Camp Rock (Original Motion Picture Soundtrack) is the soundtrack album from the 2008 Disney Channel television film of the same name. It features lead vocals from American singers Demi Lovato, Joe, Kevin, Nick Jonas (Jonas Brothers), Roshon Fegan, Renee Sandstrom, Meaghan Martin, and Canadian singers Jordan Francis and Aaryn Doyle. The album was released on June 17, 2008, by Walt Disney Records. Full songs of the album were made available on Camp Rocks official web site for one week beginning on June 10, and the full soundtrack premiered on Radio Disney on June 14, during Planet Premiere: Camp Rock.

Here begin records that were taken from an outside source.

lemma chromatic_index_hat_lines:
  "chromatic_index (V, hat_lines :: ('a::{finite,field} \<times> 'a) set set) = CARD('a) + 1"
proof -
  obtain c where "proper_edge_colouring (V, hat_lines :: ('a \<times> 'a) set set) (CARD('a) + 1) c"
    using hat_lines_colouring by blast
  then show ?thesis
    by (rule chromatic_index_eqI[where x = "(0, 0)"]) (simp_all add: deg_hat_lines)
qed

lemma critical_edges_hat_lines:
  "{e \<in> hat_lines. critical_edge (V, hat_lines :: ('a::{finite,field} \<times> 'a) set set) e} =
    {vertical_line 0}"
proof -
  obtain c where c: "proper_edge_colouring (V, hat_lines :: ('a \<times> 'a) set set) (CARD('a) + 1) c"
    using hat_lines_colouring by blast
  have not_critical: "\<not> critical_edge (V, hat_lines) (nonvertical_line m b)" for m b :: 'a
    \<comment> \<open>the point \<open>(0, b + 1)\<close> of the line \<open>x = 0\<close> avoids the deleted line\<close>
    by (rule not_critical_edgeI[OF _ c, where x = "(0, b + 1)"]) (simp_all add: deg_hat_lines)
  have "hat_lines - {vertical_line 0} = (nonvertical_lines :: ('a \<times> 'a) set set)"
    by (auto simp: hat_lines_def)
  then have "critical_edge (V, hat_lines :: ('a \<times> 'a) set set) (vertical_line 0)"
    by (simp add: critical_edge_def chromatic_index_hat_lines chromatic_index_nonvertical_lines)
  with not_critical show ?thesis
    unfolding hat_lines_def nonvertical_lines_def by auto
qed

lemma hat_lines_max_degree_edges:
  "{e \<in> hat_lines. \<forall>x\<in>e. deg (V, hat_lines :: ('a::{finite,field} \<times> 'a) set set) x = CARD('a) + 1} =
    {vertical_line 0}"
proof (intro set_eqI iffI)
  fix e :: "('a \<times> 'a) set"
  assume e: "e \<in> {e \<in> hat_lines. \<forall>x\<in>e. deg (V, hat_lines) x = CARD('a) + 1}"
  show "e \<in> {vertical_line 0}"
  proof (simp, rule card_subset_eq)
    show "e \<subseteq> vertical_line 0"
      using e by (auto simp: deg_hat_lines split: if_splits)
    have "e \<in> affine_lines"
      using e hat_lines_subset_affine_lines by blast
    then show "card e = card (vertical_line (0 :: 'a))"
      by (simp add: card_affine_line card_vertical_line)
  qed simp
qed (auto simp: deg_hat_lines)
(* Let $\mathfrak g$ be a finite-dimensional Lie algebra over a field $\mathbb K$ of characteristic zero having an ideal $\mathfrak h_m$ isomorphic to the Heisenberg algebra of dimension $2m+1$, such that the center of $\mathfrak g$ coincides with the center of $\mathfrak h_m$. Let $\mathcal A$ be a commutative subalgebra of $\operatorname{Ann}(\mathfrak h_m)$ complete in $\operatorname{Ann}(\mathfrak h_m)$, and $\mathcal B$ a complete commutative subalgebra of $S(\mathfrak h_m)$. Then $\mathcal A+\mathcal B$ is complete in $S(\mathfrak g)$.
   Context: The Heisenberg algebra $\mathfrak h_m$ is $V\oplus\mathbb K e$ with $\dim V=2m$, $e$ central and $[\xi_1,\xi_2]=\omega(\xi_1,\xi_2)e$ for $\xi_i\in V$, $\omega$ a symplectic form on $V$. $S(\mathfrak g)$ is the polynomial algebra on $\mathfrak g^*$ with Lie–Poisson bracket $\{f,g\}(x)=\langle x,[df(x),dg(x)]\rangle$; $S(\mathfrak h_m)\subset S(\mathfrak g)$. $\Phi_x(\xi,\eta)=\langle x,[\xi,\eta]\rangle$. $\operatorname{Ann}(\mathfrak h_m)=\{f\in S(\mathfrak g)\mid\{f,\eta\}=0\ \forall\eta\in\mathfrak h_m\}$. For a subalgebra $\mathcal F$, $d\mathcal F(x)$ is the span of the differentials of its elements at $x$; a commutative $\mathcal A\subset\mathcal F$ is complete in $\mathcal F$ if $d\mathcal A(x)$ is maximal $\Phi_x$-isotropic in $d\mathcal F(x)$ for generic $x\in\mathfrak g^*$. A commutative subalgebra of $S(\mathfrak l)$ is complete if its transcendence degree is $\frac12(\dim\mathfrak l+\operatorname{ind}\mathfrak l)$ (index = generic corank of $\Phi_x$), equivalently complete in $S(\mathfrak l)$ in the previous sense. $\mathcal A+\mathcal B$ is the smallest Poisson subalgebra containing both. *)

theory Defs
  imports Main "HOL-Library.Poly_Mapping" "HOL-Library.Function_Algebras"
begin

text \<open>The Lie algebra g has a basis indexed by a finite type 'n. Elements of g (and
of g*, via the dual basis) are functions 'n => 'k. The Lie bracket is given by
structure constants c i j k: [e_i, e_j] = sum_k c i j k e_k.\<close>

type_synonym ('n, 'k) vec = "'n \<Rightarrow> 'k"

definition vscale :: "'k::field \<Rightarrow> ('n, 'k) vec \<Rightarrow> ('n, 'k) vec" where
  "vscale a v = (\<lambda>i. a * v i)"

definition kspan :: "('n, 'k::field) vec set \<Rightarrow> ('n, 'k) vec set" where
  "kspan X = {v. \<exists>S a. finite S \<and> S \<subseteq> X \<and> v = (\<lambda>i. \<Sum>u\<in>S. a u * u i)}"

definition is_subspace :: "('n, 'k::field) vec set \<Rightarrow> bool" where
  "is_subspace U \<longleftrightarrow> 0 \<in> U \<and> (\<forall>u\<in>U. \<forall>v\<in>U. u + v \<in> U) \<and> (\<forall>a. \<forall>u\<in>U. vscale a u \<in> U)"

definition lin_indep :: "('n, 'k::field) vec set \<Rightarrow> bool" where
  "lin_indep B \<longleftrightarrow> (\<forall>a. (\<lambda>i. \<Sum>u\<in>B. a u * u i) = 0 \<longrightarrow> (\<forall>u\<in>B. a u = 0))"

definition has_dim :: "('n, 'k::field) vec set \<Rightarrow> nat \<Rightarrow> bool" where
  "has_dim U d \<longleftrightarrow> (\<exists>B. finite B \<and> card B = d \<and> lin_indep B \<and> kspan B = U)"

definition bracket :: "('n::finite \<Rightarrow> 'n \<Rightarrow> 'n \<Rightarrow> 'k::field) \<Rightarrow> ('n, 'k) vec \<Rightarrow> ('n, 'k) vec \<Rightarrow> ('n, 'k) vec" where
  "bracket c \<xi> \<eta> = (\<lambda>k. \<Sum>i\<in>UNIV. \<Sum>j\<in>UNIV. c i j k * \<xi> i * \<eta> j)"

definition is_lie_algebra :: "('n::finite \<Rightarrow> 'n \<Rightarrow> 'n \<Rightarrow> 'k::field) \<Rightarrow> bool" where
  "is_lie_algebra c \<longleftrightarrow>
     (\<forall>\<xi>. bracket c \<xi> \<xi> = 0) \<and>
     (\<forall>\<xi> \<eta> \<zeta>. bracket c (bracket c \<xi> \<eta>) \<zeta> + bracket c (bracket c \<eta> \<zeta>) \<xi>
                 + bracket c (bracket c \<zeta> \<xi>) \<eta> = 0)"

definition is_ideal :: "('n::finite \<Rightarrow> 'n \<Rightarrow> 'n \<Rightarrow> 'k::field) \<Rightarrow> ('n, 'k) vec set \<Rightarrow> bool" where
  "is_ideal c h \<longleftrightarrow> is_subspace h \<and> (\<forall>\<xi>\<in>h. \<forall>\<eta>. bracket c \<xi> \<eta> \<in> h)"

definition center :: "('n::finite \<Rightarrow> 'n \<Rightarrow> 'n \<Rightarrow> 'k::field) \<Rightarrow> ('n, 'k) vec set \<Rightarrow> ('n, 'k) vec set" where
  "center c h = {z \<in> h. \<forall>y\<in>h. bracket c z y = 0}"

definition symplectic_on :: "('n, 'k::field) vec set \<Rightarrow> (('n, 'k) vec \<Rightarrow> ('n, 'k) vec \<Rightarrow> 'k) \<Rightarrow> bool" where
  "symplectic_on V \<omega> \<longleftrightarrow>
     (\<forall>u\<in>V. \<forall>v\<in>V. \<forall>w\<in>V. \<forall>a b. \<omega> (vscale a u + vscale b v) w = a * \<omega> u w + b * \<omega> v w
                              \<and> \<omega> w (vscale a u + vscale b v) = a * \<omega> w u + b * \<omega> w v) \<and>
     (\<forall>u\<in>V. \<omega> u u = 0) \<and>
     (\<forall>u\<in>V. (\<forall>v\<in>V. \<omega> u v = 0) \<longrightarrow> u = 0)"

definition is_heisenberg :: "('n::finite \<Rightarrow> 'n \<Rightarrow> 'n \<Rightarrow> 'k::field) \<Rightarrow> ('n, 'k) vec set \<Rightarrow> nat \<Rightarrow> bool" where
  "is_heisenberg c h m \<longleftrightarrow>
     (\<exists>V e \<omega>. is_subspace V \<and> has_dim V (2 * m) \<and> e \<noteq> 0 \<and> e \<notin> V \<and>
        h = {v + vscale a e | v a. v \<in> V} \<and>
        (\<forall>\<xi>\<in>h. bracket c e \<xi> = 0 \<and> bracket c \<xi> e = 0) \<and>
        symplectic_on V \<omega> \<and>
        (\<forall>\<xi>1\<in>V. \<forall>\<xi>2\<in>V. bracket c \<xi>1 \<xi>2 = vscale (\<omega> \<xi>1 \<xi>2) e))"

text \<open>Polynomials in the variables X_i (= basis vector e_i as a linear function on g*).\<close>
type_synonym ('n, 'k) poly = "('n \<Rightarrow>\<^sub>0 nat) \<Rightarrow>\<^sub>0 'k"

definition pconst :: "'k::field \<Rightarrow> ('n, 'k) poly" where
  "pconst a = Poly_Mapping.single 0 a"

definition pvar :: "'n \<Rightarrow> ('n, 'k::field) poly" where
  "pvar i = Poly_Mapping.single (Poly_Mapping.single i 1) 1"

definition plin :: "('n::finite, 'k::field) vec \<Rightarrow> ('n, 'k) poly" where
  "plin \<xi> = (\<Sum>i\<in>UNIV. pconst (\<xi> i) * pvar i)"

definition peval :: "('n, 'k::field) poly \<Rightarrow> ('n, 'k) vec \<Rightarrow> 'k" where
  "peval f x = (\<Sum>m\<in>Poly_Mapping.keys f.
      Poly_Mapping.lookup f m * (\<Prod>i\<in>Poly_Mapping.keys m. x i ^ Poly_Mapping.lookup m i))"

definition pderiv_var :: "'n \<Rightarrow> ('n, 'k::field) poly \<Rightarrow> ('n, 'k) poly" where
  "pderiv_var i f = (\<Sum>m\<in>Poly_Mapping.keys f.
      Poly_Mapping.single (m - Poly_Mapping.single i 1)
        (of_nat (Poly_Mapping.lookup m i) * Poly_Mapping.lookup f m))"

definition pdiff :: "('n, 'k::field) poly \<Rightarrow> ('n, 'k) vec \<Rightarrow> ('n, 'k) vec" where
  "pdiff f x = (\<lambda>i. peval (pderiv_var i f) x)"

text \<open>Lie-Poisson bracket: {f,g}(x) = <x, [df(x), dg(x)]>.\<close>
definition pbracket :: "('n::finite \<Rightarrow> 'n \<Rightarrow> 'n \<Rightarrow> 'k::field) \<Rightarrow> ('n, 'k) poly \<Rightarrow> ('n, 'k) poly \<Rightarrow> ('n, 'k) poly" where
  "pbracket c f g = (\<Sum>i\<in>UNIV. \<Sum>j\<in>UNIV. \<Sum>k\<in>UNIV.
      pconst (c i j k) * pvar k * pderiv_var i f * pderiv_var j g)"

definition Phi :: "('n::finite \<Rightarrow> 'n \<Rightarrow> 'n \<Rightarrow> 'k::field) \<Rightarrow> ('n, 'k) vec \<Rightarrow> ('n, 'k) vec \<Rightarrow> ('n, 'k) vec \<Rightarrow> 'k" where
  "Phi c x \<xi> \<eta> = (\<Sum>k\<in>UNIV. x k * bracket c \<xi> \<eta> k)"

definition is_subalgebra :: "('n, 'k::field) poly set \<Rightarrow> bool" where
  "is_subalgebra A \<longleftrightarrow> (\<forall>a. pconst a \<in> A) \<and> (\<forall>f\<in>A. \<forall>g\<in>A. f + g \<in> A \<and> f * g \<in> A)"

definition poisson_commutative :: "('n::finite \<Rightarrow> 'n \<Rightarrow> 'n \<Rightarrow> 'k::field) \<Rightarrow> ('n, 'k) poly set \<Rightarrow> bool" where
  "poisson_commutative c A \<longleftrightarrow> (\<forall>f\<in>A. \<forall>g\<in>A. pbracket c f g = 0)"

The soundtrack was released in the United Kingdom one month later on July 14.

Camp Rock reached the top ten in six countries, among which peaked at number 3 on the US Billboard 200. It also topped the Soundtracks chart for four weeks. By September 2009, the Recording Industry Association of America (RIAA) certified the album platinum, after selling over a million copies in the country.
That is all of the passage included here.